§ EXERCISE DESCRIPTION
Go through the data below and copy each line where the word "intro" occurs.

§ PROVIDED MATERIAL
definition positional_reduction ::
  "nat \<Rightarrow> 'a set \<Rightarrow> (nat \<Rightarrow> ('a \<times> 'a set) set) \<Rightarrow> 'b set \<Rightarrow> (nat \<Rightarrow> ('b \<times> 'b set) set)
   \<Rightarrow> ('a \<Rightarrow> 'b) \<Rightarrow> bool" where
  "positional_reduction k A H B K f \<longleftrightarrow>
     krel_map k A H B K f \<and> f ` A = B \<and> reflects_hyperedges k A H K f"

definition regular_equivalence :: "'a set \<Rightarrow> ('a \<times> 'a set) set \<Rightarrow> 'a rel \<Rightarrow> bool" where
  "regular_equivalence A H E \<longleftrightarrow> equiv A E \<and>
     (\<forall>a a' U. (a, a') \<in> E \<longrightarrow> (a, U) \<in> H \<longrightarrow>
        (\<exists>U'. (a', U') \<in> H \<and> (\<forall>u\<in>U. \<exists>u'\<in>U'. (u, u') \<in> E)
                            \<and> (\<forall>u'\<in>U'. \<exists>u\<in>U. (u, u') \<in> E)))"

definition blockmodel :: "('a \<times> 'a set) set \<Rightarrow> 'a rel \<Rightarrow> ('a set \<times> 'a set set) set" where
  "blockmodel H E = {(E `` {a}, (\<lambda>u. E `` {u}) ` U) | a U. (a, U) \<in> H}"

definition ker_rel :: "'a set \<Rightarrow> ('a \<Rightarrow> 'b) \<Rightarrow> 'a rel" where
  "ker_rel A f = {(a, a'). a \<in> A \<and> a' \<in> A \<and> f a = f a'}"

end

theory Submission
  imports Defs
begin

text \<open>
  A map f always sends a hyperedge (a, U) of H_i to the hyperedge (f a, f U) of K_i.
  Reflecting hyperedges at a then amounts to two facts: when f is onto, every hyperedge of K_i
  is such an image; and whenever f a = f a', each hyperedge (a, U) has a partner (a', U') with
  f U' = f U. For the kernel E of f, two subsets of A are E-related in the back-and-forth sense
  of regular equivalence exactly when they have the same image, so the second fact is
  regularity of E. Finally, f is onto precisely when it induces a bijection A/E \<rightarrow> B, and this
  bijection carries the blockmodel H_i/E to the image of H_i under f.
\<close>

definition hyperedge_image :: "('a \<Rightarrow> 'b) \<Rightarrow> ('a \<times> 'a set) set \<Rightarrow> ('b \<times> 'b set) set" where
  "hyperedge_image f H = (\<lambda>(a, U). (f a, f ` U)) ` H"

definition reflects_edges ::
  "'a set \<Rightarrow> ('a \<times> 'a set) set \<Rightarrow> ('b \<times> 'b set) set \<Rightarrow> ('a \<Rightarrow> 'b) \<Rightarrow> bool" where
  "reflects_edges A H K f \<longleftrightarrow> (\<forall>a\<in>A. \<forall>U. (f a, U) \<in> K \<longrightarrow> (\<exists>V\<subseteq>A. (a, V) \<in> H \<and> f ` V = U))"

lemma hyperedge_image_iff:
  "(b, W) \<in> hyperedge_image f H \<longleftrightarrow> (\<exists>a U. (a, U) \<in> H \<and> b = f a \<and> W = f ` U)"
  unfolding hyperedge_image_def by auto

lemma hyperedge_image_subset_iff:
  "hyperedge_image f H \<subseteq> K \<longleftrightarrow> (\<forall>a U. (a, U) \<in> H \<longrightarrow> (f a, f ` U) \<in> K)"
  unfolding hyperedge_image_def by auto

lemma hyperedge_image_comp: "hyperedge_image g (hyperedge_image h H) = hyperedge_image (g \<circ> h) H"
  unfolding hyperedge_image_def by (force simp: image_comp)

lemma hyperedge_image_cong:
  assumes "fhypergraph A H" and "\<And>a. a \<in> A \<Longrightarrow> f a = g a"
  shows "hyperedge_image f H = hyperedge_image g H"
proof -
  have "(\<lambda>(a, U). (f a, f ` U)) p = (\<lambda>(a, U). (g a, g ` U)) p" if "p \<in> H" for p
    using that assms unfolding fhypergraph_def by (cases p) (auto intro!: image_cong)
  then show ?thesis
    unfolding hyperedge_image_def by (intro image_cong refl)
qed

lemma blockmodel_eq_hyperedge_image: "blockmodel H E = hyperedge_image (\<lambda>a. E `` {a}) H"
  unfolding blockmodel_def hyperedge_image_def by auto

lemma krel_map_iff:
  "krel_map k A H B K f \<longleftrightarrow> f ` A \<subseteq> B \<and> (\<forall>i\<in>{1..k}. hyperedge_image f (H i) \<subseteq> K i)"
  unfolding krel_map_def hyperedge_image_subset_iff by blast

lemma reflects_hyperedges_iff:
  "reflects_hyperedges k A H K f \<longleftrightarrow> (\<forall>i\<in>{1..k}. reflects_edges A (H i) (K i) f)"
  unfolding reflects_hyperedges_def reflects_edges_def by blast

lemma positional_reduction_iff:
  assumes "krel_map k A H B K f"
  shows "positional_reduction k A H B K f \<longleftrightarrow>
    f ` A = B \<and> (\<forall>i\<in>{1..k}. reflects_edges A (H i) (K i) f)"
  using assms unfolding positional_reduction_def reflects_hyperedges_iff by blast

lemma ker_rel_iff: "(a, a') \<in> ker_rel A f \<longleftrightarrow> a \<in> A \<and> a' \<in> A \<and> f a = f a'"
  unfolding ker_rel_def by simp

lemma equiv_ker_rel: "equiv A (ker_rel A f)"
  unfolding equiv_def refl_on_def sym_def trans_def ker_rel_def by auto

lemma image_ker_rel_class: "a \<in> A \<Longrightarrow> f ` (ker_rel A f `` {a}) = {f a}"
  unfolding ker_rel_def by auto

lemma ker_rel_related_sets_iff:
  assumes "U \<subseteq> A" and "U' \<subseteq> A"
  shows "(\<forall>u\<in>U. \<exists>u'\<in>U'. (u, u') \<in> ker_rel A f) \<and> (\<forall>u'\<in>U'. \<exists>u\<in>U. (u, u') \<in> ker_rel A f)
    \<longleftrightarrow> f ` U = f ` U'"
  using assms unfolding ker_rel_iff set_eq_subset image_subset_iff image_iff
  by (auto simp: subset_iff) metis+

lemma regular_equivalence_ker_rel_iff:
  assumes "fhypergraph A H"
  shows "regular_equivalence A H (ker_rel A f) \<longleftrightarrow>
    (\<forall>a\<in>A. \<forall>a'\<in>A. \<forall>U. f a = f a' \<longrightarrow> (a, U) \<in> H \<longrightarrow> (\<exists>U'. (a', U') \<in> H \<and> f ` U' = f ` U))"
proof -
  have "(\<forall>u\<in>U. \<exists>u'\<in>U'. (u, u') \<in> ker_rel A f) \<and> (\<forall>u'\<in>U'. \<exists>u\<in>U. (u, u') \<in> ker_rel A f)
      \<longleftrightarrow> f ` U' = f ` U" if "(a, U) \<in> H" "(a', U') \<in> H" for a a' U U'
  proof -
    have "U \<subseteq> A" "U' \<subseteq> A"
      using that assms unfolding fhypergraph_def by auto
    then show ?thesis
      using ker_rel_related_sets_iff by metis
  qed
  then have "(\<exists>U'. (a', U') \<in> H \<and> (\<forall>u\<in>U. \<exists>u'\<in>U'. (u, u') \<in> ker_rel A f)
        \<and> (\<forall>u'\<in>U'. \<exists>u\<in>U. (u, u') \<in> ker_rel A f))
      \<longleftrightarrow> (\<exists>U'. (a', U') \<in> H \<and> f ` U' = f ` U)" if "(a, U) \<in> H" for a a' U
    using that by blast
  then show ?thesis
    unfolding regular_equivalence_def ker_rel_iff using equiv_ker_rel by auto
qed

lemma reflects_edges_imp_regular_equivalence:
  assumes "fhypergraph A H" and "hyperedge_image f H \<subseteq> K" and "reflects_edges A H K f"
  shows "regular_equivalence A H (ker_rel A f)"
  unfolding regular_equivalence_ker_rel_iff[OF assms(1)]
proof (intro ballI allI impI)
  fix a a' U
  assume "a \<in> A" "a' \<in> A" "f a = f a'" "(a, U) \<in> H"
  then have "(f a', f ` U) \<in> K"
    using assms(2) unfolding hyperedge_image_subset_iff by metis
  then show "\<exists>U'. (a', U') \<in> H \<and> f ` U' = f ` U"
    using assms(3) \<open>a' \<in> A\<close> unfolding reflects_edges_def by blast
qed

lemma reflects_edges_imp_hyperedge_image_eq:
  assumes "fhypergraph B K" and "f ` A = B" and "hyperedge_image f H \<subseteq> K"
    and "reflects_edges A H K f"
  shows "K = hyperedge_image f H"
proof (rule subset_antisym[OF subrelI assms(3)])
  fix b W
  assume "(b, W) \<in> K"
  then have "b \<in> f ` A"
    using assms(1,2) unfolding fhypergraph_def by auto
  then obtain a where "a \<in> A" "b = f a"
    by blast
  then obtain V where "(a, V) \<in> H" "f ` V = W"
    using assms(4) \<open>(b, W) \<in> K\<close> unfolding reflects_edges_def by blast
  then show "(b, W) \<in> hyperedge_image f H"
    using \<open>b = f a\<close> unfolding hyperedge_image_iff by blast
qed

lemma reflects_edges_if_regular_equivalence:
  assumes "fhypergraph A H" and "regular_equivalence A H (ker_rel A f)"
    and "K = hyperedge_image f H"
  shows "reflects_edges A H K f"
  unfolding reflects_edges_def
proof (intro ballI allI impI)
  fix a W
  assume "a \<in> A" "(f a, W) \<in> K"
  then have "(f a, W) \<in> hyperedge_image f H"
    using assms(3) by simp
  then obtain a0 U0 where "(a0, U0) \<in> H" "f a0 = f a" "W = f ` U0"
    unfolding hyperedge_image_iff by metis
  moreover have "a0 \<in> A"
    using assms(1) \<open>(a0, U0) \<in> H\<close> unfolding fhypergraph_def by auto
  ultimately obtain V where "(a, V) \<in> H" "f ` V = W"
    using assms(2) \<open>a \<in> A\<close> unfolding regular_equivalence_ker_rel_iff[OF assms(1)] by metis
  moreover have "V \<subseteq> A"
    using assms(1) \<open>(a, V) \<in> H\<close> unfolding fhypergraph_def by auto
  ultimately show "\<exists>V\<subseteq>A. (a, V) \<in> H \<and> f ` V = W"
    by blast
qed

lemma reflects_edges_iff_regular_equivalence:
  assumes "fhypergraph A H" and "fhypergraph B K" and "f ` A = B"
    and "hyperedge_image f H \<subseteq> K"
  shows "reflects_edges A H K f \<longleftrightarrow>
    regular_equivalence A H (ker_rel A f) \<and> K = hyperedge_image f H"
  using reflects_edges_imp_regular_equivalence[OF assms(1,4)]
    reflects_edges_imp_hyperedge_image_eq[OF assms(2-4)]
    reflects_edges_if_regular_equivalence[OF assms(1)] by blast

lemma ex_bij_quotient_ker_rel_iff:
  "(\<exists>g. bij_betw g (A // ker_rel A f) B \<and> (\<forall>a\<in>A. g (ker_rel A f `` {a}) = f a)) \<longleftrightarrow> f ` A = B"
proof
  assume "\<exists>g. bij_betw g (A // ker_rel A f) B \<and> (\<forall>a\<in>A. g (ker_rel A f `` {a}) = f a)"
  then obtain g where "bij_betw g (A // ker_rel A f) B" "\<forall>a\<in>A. g (ker_rel A f `` {a}) = f a"
    by blast
  then have "f ` A = g ` (A // ker_rel A f)"
    unfolding proj_image[symmetric] image_comp proj_def by (auto intro!: image_cong)
  then show "f ` A = B"
    using \<open>bij_betw g (A // ker_rel A f) B\<close> unfolding bij_betw_def by simp
next
  assume "f ` A = B"
  define g where "g X = the_elem (f ` X)" for X
  have g_class: "\<forall>a\<in>A. g (ker_rel A f `` {a}) = f a"
    unfolding g_def by (simp add: image_ker_rel_class)
  have "inj_on g (A // ker_rel A f)"
  proof (rule inj_onI)
    fix X Y
    assume "X \<in> A // ker_rel A f" "Y \<in> A // ker_rel A f" "g X = g Y"
    obtain a b where "a \<in> A" "X = ker_rel A f `` {a}" "b \<in> A" "Y = ker_rel A f `` {b}"
      using \<open>X \<in> A // ker_rel A f\<close> \<open>Y \<in> A // ker_rel A f\<close> by (elim quotientE)
    moreover from this have "f a = f b"
      using \<open>g X = g Y\<close> g_class by simp
    ultimately show "X = Y"
      by (simp add: eq_equiv_class_iff[OF equiv_ker_rel] ker_rel_iff)
  qed
  moreover have "g ` (A // ker_rel A f) = B"
    using \<open>f ` A = B\<close> g_class unfolding proj_image[symmetric] image_comp proj_def
    by (auto intro!: image_cong)
  ultimately show "\<exists>g. bij_betw g (A // ker_rel A f) B \<and> (\<forall>a\<in>A. g (ker_rel A f `` {a}) = f a)"
    using g_class unfolding bij_betw_def by blast
qed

§ YOUR RESPONSE
    using that assms unfolding fhypergraph_def by (cases p) (auto intro!: image_cong)
    unfolding hyperedge_image_def by (intro image_cong refl)
proof (intro ballI allI impI)
proof (intro ballI allI impI)
    unfolding proj_image[symmetric] image_comp proj_def by (auto intro!: image_cong)
    by (auto intro!: image_cong)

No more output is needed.